lemma hausdorff_pre_le_fine_cover:
  assumes "has_fine_cover s \<delta> A b" and "0 \<le> \<delta>"
  shows "hausdorff_pre s \<delta> A \<le> b"
proof -
  obtain F where F: "finite F" "A \<subseteq> \<Union>F" "\<forall>U\<in>F. bounded U \<and> diameter U \<le> \<delta>"
    and sum_F: "(\<Sum>U\<in>F. hcontrib s U) \<le> b"
    using assms(1) unfolding has_fine_cover_def by blast
  obtain f where f: "bij_betw f {..<card F} F"
    using ex_bij_betw_nat_finite[OF \<open>finite F\<close>] by (auto simp: atLeast0LessThan)
  define V where "V n = (if n < card F then f n else {})" for n
  have "A \<subseteq> (\<Union>n. V n)"
  proof
    fix x assume "x \<in> A"
    then obtain U where "U \<in> F" "x \<in> U" using F(2) by blast
    then obtain n where "n < card F" "f n = U"
      using f by (metis bij_betw_def imageE lessThan_iff)
    then show "x \<in> (\<Union>n. V n)" using \<open>x \<in> U\<close> by (auto simp: V_def)
  qed
  moreover have "\<forall>n. bounded (V n) \<and> diameter (V n) \<le> \<delta>"
    using F(3) \<open>0 \<le> \<delta>\<close> f by (auto simp: V_def bij_betw_def)
  ultimately have "hausdorff_pre s \<delta> A \<le> (\<Sum>n. hcontrib s (V n))"
    unfolding hausdorff_pre_def by (intro INF_lower) blast
  also have "(\<Sum>n. hcontrib s (V n)) = (\<Sum>n<card F. hcontrib s (f n))"
    by (subst suminf_finite[of "{..<card F}"]) (auto simp: V_def hcontrib_def)
  also have "\<dots> = (\<Sum>U\<in>F. hcontrib s U)"
    using sum.reindex_bij_betw[OF f] by simp
  finally show ?thesis using sum_F by simp
qed

lemma hausdorff_measure_le_fine_covers:
  assumes "\<And>\<delta>. \<delta> > 0 \<Longrightarrow> has_fine_cover s \<delta> A b"
  shows "hausdorff_measure s A \<le> b"
  unfolding hausdorff_measure_def
  using assms hausdorff_pre_le_fine_cover by (fastforce intro: SUP_least)

section \<open>Numerical estimates\<close>

lemma one_plus_inverse_powr_le_3:
  assumes "(k::real) > 0"
  shows "(1 + 1/k) powr k \<le> 3"
proof -
  have "1 + 1/k > 0" using assms by (intro add_pos_pos) auto
  then have "(1 + 1/k) powr k = exp (k * ln (1 + 1/k))"
    by (simp add: powr_def)
  also have "\<dots> \<le> exp (k * (1/k))"
    using assms ln_add_one_self_le_self[of "1/k"] by (intro exp_mono mult_left_mono) auto
  finally show ?thesis using assms exp_le by simp
qed

lemma Gamma_three_halves: "Gamma (3/2 :: real) = sqrt pi / 2"
proof -
  have "(1/2::real) \<notin> \<int>\<^sub>\<le>\<^sub>0" using nonpos_Ints_nonpos[of "1/2::real"] by auto
  then show ?thesis using Gamma_plus1[of "1/2::real"] Gamma_one_half_real by simp
qed

lemma Gamma_two: "Gamma (2 :: real) = 1"
  using Gamma_fact[of 1] by simp

lemma Gamma_ge_powr_step:
  assumes k: "(k::real) > 0" and IH: "(k/3) powr k \<le> Gamma (k + 1)"
  shows "((k + 1)/3) powr (k + 1) \<le> Gamma (k + 2)"
proof -
  have "(k + 1)/3 = (k/3) * (1 + 1/k)" using k by (simp add: field_simps)
  then have "((k + 1)/3) powr k = (k/3) powr k * (1 + 1/k) powr k"
    by (simp only: powr_mult)
  also have "\<dots> \<le> (k/3) powr k * 3"
    using one_plus_inverse_powr_le_3[OF k] by (intro mult_left_mono) auto
  finally have "((k + 1)/3) powr (k + 1) \<le> (k + 1) * (k/3) powr k"
    using k by (simp add: powr_add)
  also have "\<dots> \<le> (k + 1) * Gamma (k + 1)"
    using IH k by (intro mult_left_mono) auto
  also have "\<dots> = Gamma (k + 2)"
  proof -
    have "k + 1 \<notin> \<int>\<^sub>\<le>\<^sub>0" using k nonpos_Ints_nonpos[of "k + 1"] by auto
    then show ?thesis using Gamma_plus1[of "k + 1"] by (simp add: add.commute)
  qed
  finally show ?thesis .
qed

lemma Gamma_half_nat_ge_powr:
  assumes "m \<ge> 1"
  shows "(real m / 6) powr (real m / 2) \<le> Gamma (real m / 2 + 1)"
  using assms
proof (induction m rule: less_induct)
  case (less m)
  consider "m = 1" | "m = 2" | "m \<ge> 3" using less.prems by linarith
  then show ?case
  proof cases
    case 1
    have "sqrt (1/6) \<le> sqrt (pi/4)" using pi_gt3 by (intro real_sqrt_le_mono) simp
    then show ?thesis
      using 1 Gamma_three_halves by (simp add: powr_half_sqrt real_sqrt_divide)
  next
    case 2
    then show ?thesis using Gamma_two by simp
  next
    case 3
    define k where "k = real (m - 2) / 2"
    have "(k/3) powr k \<le> Gamma (k + 1)"
      using less.IH[of "m - 2"] 3 by (simp add: k_def)
    then have "((k + 1)/3) powr (k + 1) \<le> Gamma (k + 2)"
      using 3 by (intro Gamma_ge_powr_step) (auto simp: k_def)
    moreover have "k + 1 = real m / 2" and "k + 2 = real m / 2 + 1"
      using 3 by (simp_all add: k_def diff_divide_distrib)
    ultimately show ?thesis by simp
  qed
qed

lemma sixteen_div_three_pi_powr_ge:
  assumes "x \<ge> 3/2"
  shows "31/15 \<le> (16 / (3 * pi)) powr x"
proof -
  define r where "r = 16 / (3 * pi)"
  have r: "1.69 \<le> r"
    using pi_approx(2) by (simp add: r_def le_divide_eq)
  have "1.3 = sqrt (1.69::real)"
    by (rule real_sqrt_unique[symmetric]) (simp_all add: power2_eq_square)
  also have "\<dots> \<le> sqrt r" using r by (rule real_sqrt_le_mono)
  finally have "1.69 * 1.3 \<le> r * sqrt r" using r by (intro mult_mono) auto
  also have "r * sqrt r = r powr (3/2)"
    using r by (simp add: powr_add[of r 1 "1/2", simplified] powr_half_sqrt)
  also have "\<dots> \<le> r powr x" using r assms by (intro powr_mono) auto
  finally show ?thesis by (simp add: r_def)
qed

lemma hausdorff_const_nonneg: "hausdorff_const m \<ge> 0"
  unfolding hausdorff_const_def by (auto intro!: divide_nonneg_nonneg)

lemma pi_mul_powr_div_Gamma_le:
  assumes x: "x \<ge> 3/2" and G: "(x/3) powr x \<le> Gamma (x + 1)"
  shows "(pi * x) powr x / Gamma (x + 1) * (31/15) \<le> 16 powr x"
proof -
  have "(pi * x) powr x / Gamma (x + 1) \<le> (pi * x) powr x / (x/3) powr x"
    using G x by (intro divide_left_mono) auto
  also have "\<dots> = (3 * pi) powr x"
    using x by (simp add: powr_mult powr_divide field_simps)
  finally have "(pi * x) powr x / Gamma (x + 1) * (31/15) \<le> (3 * pi) powr x * (16 / (3 * pi)) powr x"
    using sixteen_div_three_pi_powr_ge[OF x] by (intro mult_mono) auto
  also have "\<dots> = 16 powr x" by (simp add: powr_mult[symmetric])
  finally show ?thesis .
qed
***
### Activity
All of the records must be repeated exactly.

### Exercise result
lemma hausdorff_pre_le_fine_cover:
  assumes "has_fine_cover s \<delta> A b" and "0 \<le> \<delta>"
  shows "hausdorff_pre s \<delta> A \<le> b"
proof -
  obtain F where F: "finite F" "A \<subseteq> \<Union>F" "\<forall>U\<in>F. bounded U \<and> diameter U \<le> \<delta>"
    and sum_F: "(\<Sum>U\<in>F. hcontrib s U) \<le> b"
    using assms(1) unfolding has_fine_cover_def by blast
  obtain f where f: "bij_betw f {..<card F} F"
    using ex_bij_betw_nat_finite[OF \<open>finite F\<close>] by (auto simp: atLeast0LessThan)
  define V where "V n = (if n < card F then f n else {})" for n
  have "A \<subseteq> (\<Union>n. V n)"
  proof
    fix x assume "x \<in> A"
    then obtain U where "U \<in> F" "x \<in> U" using F(2) by blast
    then obtain n where "n < card F" "f n = U"
      using f by (metis bij_betw_def imageE lessThan_iff)
    then show "x \<in> (\<Union>n. V n)" using \<open>x \<in> U\<close> by (auto simp: V_def)
  qed
  moreover have "\<forall>n. bounded (V n) \<and> diameter (V n) \<le> \<delta>"
    using F(3) \<open>0 \<le> \<delta>\<close> f by (auto simp: V_def bij_betw_def)
  ultimately have "hausdorff_pre s \<delta> A \<le> (\<Sum>n. hcontrib s (V n))"
    unfolding hausdorff_pre_def by (intro INF_lower) blast
  also have "(\<Sum>n. hcontrib s (V n)) = (\<Sum>n<card F. hcontrib s (f n))"
    by (subst suminf_finite[of "{..<card F}"]) (auto simp: V_def hcontrib_def)
  also have "\<dots> = (\<Sum>U\<in>F. hcontrib s U)"
    using sum.reindex_bij_betw[OF f] by simp
  finally show ?thesis using sum_F by simp
qed

lemma hausdorff_measure_le_fine_covers:
  assumes "\<And>\<delta>. \<delta> > 0 \<Longrightarrow> has_fine_cover s \<delta> A b"
  shows "hausdorff_measure s A \<le> b"
  unfolding hausdorff_measure_def
  using assms hausdorff_pre_le_fine_cover by (fastforce intro: SUP_least)

section \<open>Numerical estimates\<close>

lemma one_plus_inverse_powr_le_3:
  assumes "(k::real) > 0"
  shows "(1 + 1/k) powr k \<le> 3"
proof -
  have "1 + 1/k > 0" using assms by (intro add_pos_pos) auto
  then have "(1 + 1/k) powr k = exp (k * ln (1 + 1/k))"
    by (simp add: powr_def)
  also have "\<dots> \<le> exp (k * (1/k))"
    using assms ln_add_one_self_le_self[of "1/k"] by (intro exp_mono mult_left_mono) auto
  finally show ?thesis using assms exp_le by simp
qed

lemma Gamma_three_halves: "Gamma (3/2 :: real) = sqrt pi / 2"
proof -
  have "(1/2::real) \<notin> \<int>\<^sub>\<le>\<^sub>0" using nonpos_Ints_nonpos[of "1/2::real"] by auto
  then show ?thesis using Gamma_plus1[of "1/2::real"] Gamma_one_half_real by simp
qed

lemma Gamma_two: "Gamma (2 :: real) = 1"
  using Gamma_fact[of 1] by simp

lemma Gamma_ge_powr_step:
  assumes k: "(k::real) > 0" and IH: "(k/3) powr k \<le> Gamma (k + 1)"
  shows "((k + 1)/3) powr (k + 1) \<le> Gamma (k + 2)"
proof -
  have "(k + 1)/3 = (k/3) * (1 + 1/k)" using k by (simp add: field_simps)
  then have "((k + 1)/3) powr k = (k/3) powr k * (1 + 1/k) powr k"
    by (simp only: powr_mult)
  also have "\<dots> \<le> (k/3) powr k * 3"
    using one_plus_inverse_powr_le_3[OF k] by (intro mult_left_mono) auto
  finally have "((k + 1)/3) powr (k + 1) \<le> (k + 1) * (k/3) powr k"
    using k by (simp add: powr_add)
  also have "\<dots> \<le> (k + 1) * Gamma (k + 1)"
    using IH k by (intro mult_left_mono) auto
  also have "\<dots> = Gamma (k + 2)"
  proof -
    have "k + 1 \<notin> \<int>\<^sub>\<le>\<^sub>0" using k nonpos_Ints_nonpos[of "k + 1"] by auto
    then show ?thesis using Gamma_plus1[of "k + 1"] by (simp add: add.commute)
  qed
  finally show ?thesis .
qed

lemma Gamma_half_nat_ge_powr:
  assumes "m \<ge> 1"
  shows "(real m / 6) powr (real m / 2) \<le> Gamma (real m / 2 + 1)"
  using assms
proof (induction m rule: less_induct)
  case (less m)
  consider "m = 1" | "m = 2" | "m \<ge> 3" using less.prems by linarith
  then show ?case
  proof cases
    case 1
    have "sqrt (1/6) \<le> sqrt (pi/4)" using pi_gt3 by (intro real_sqrt_le_mono) simp
    then show ?thesis
      using 1 Gamma_three_halves by (simp add: powr_half_sqrt real_sqrt_divide)
  next
    case 2
    then show ?thesis using Gamma_two by simp
  next
    case 3
    define k where "k = real (m - 2) / 2"
    have "(k/3) powr k \<le> Gamma (k + 1)"
      using less.IH[of "m - 2"] 3 by (simp add: k_def)
    then have "((k + 1)/3) powr (k + 1) \<le> Gamma (k + 2)"
      using 3 by (intro Gamma_ge_powr_step) (auto simp: k_def)
    moreover have "k + 1 = real m / 2" and "k + 2 = real m / 2 + 1"
      using 3 by (simp_all add: k_def diff_divide_distrib)
    ultimately show ?thesis by simp
  qed
qed

lemma sixteen_div_three_pi_powr_ge:
  assumes "x \<ge> 3/2"
  shows "31/15 \<le> (16 / (3 * pi)) powr x"
proof -
  define r where "r = 16 / (3 * pi)"
  have r: "1.69 \<le> r"
    using pi_approx(2) by (simp add: r_def le_divide_eq)
  have "1.3 = sqrt (1.69::real)"
    by (rule real_sqrt_unique[symmetric]) (simp_all add: power2_eq_square)
  also have "\<dots> \<le> sqrt r" using r by (rule real_sqrt_le_mono)
  finally have "1.69 * 1.3 \<le> r * sqrt r" using r by (intro mult_mono) auto
  also have "r * sqrt r = r powr (3/2)"
    using r by (simp add: powr_add[of r 1 "1/2", simplified] powr_half_sqrt)
  also have "\<dots> \<le> r powr x" using r assms by (intro powr_mono) auto
  finally show ?thesis by (simp add: r_def)
qed

lemma hausdorff_const_nonneg: "hausdorff_const m \<ge> 0"
  unfolding hausdorff_const_def by (auto intro!: divide_nonneg_nonneg)

lemma pi_mul_powr_div_Gamma_le:
  assumes x: "x \<ge> 3/2" and G: "(x/3) powr x \<le> Gamma (x + 1)"
  shows "(pi * x) powr x / Gamma (x + 1) * (31/15) \<le> 16 powr x"
proof -
  have "(pi * x) powr x / Gamma (x + 1) \<le> (pi * x) powr x / (x/3) powr x"
    using G x by (intro divide_left_mono) auto
  also have "\<dots> = (3 * pi) powr x"
    using x by (simp add: powr_mult powr_divide field_simps)
  finally have "(pi * x) powr x / Gamma (x + 1) * (31/15) \<le> (3 * pi) powr x * (16 / (3 * pi)) powr x"
    using sixteen_div_three_pi_powr_ge[OF x] by (intro mult_mono) auto
  also have "\<dots> = 16 powr x" by (simp add: powr_mult[symmetric])
  finally show ?thesis .
qed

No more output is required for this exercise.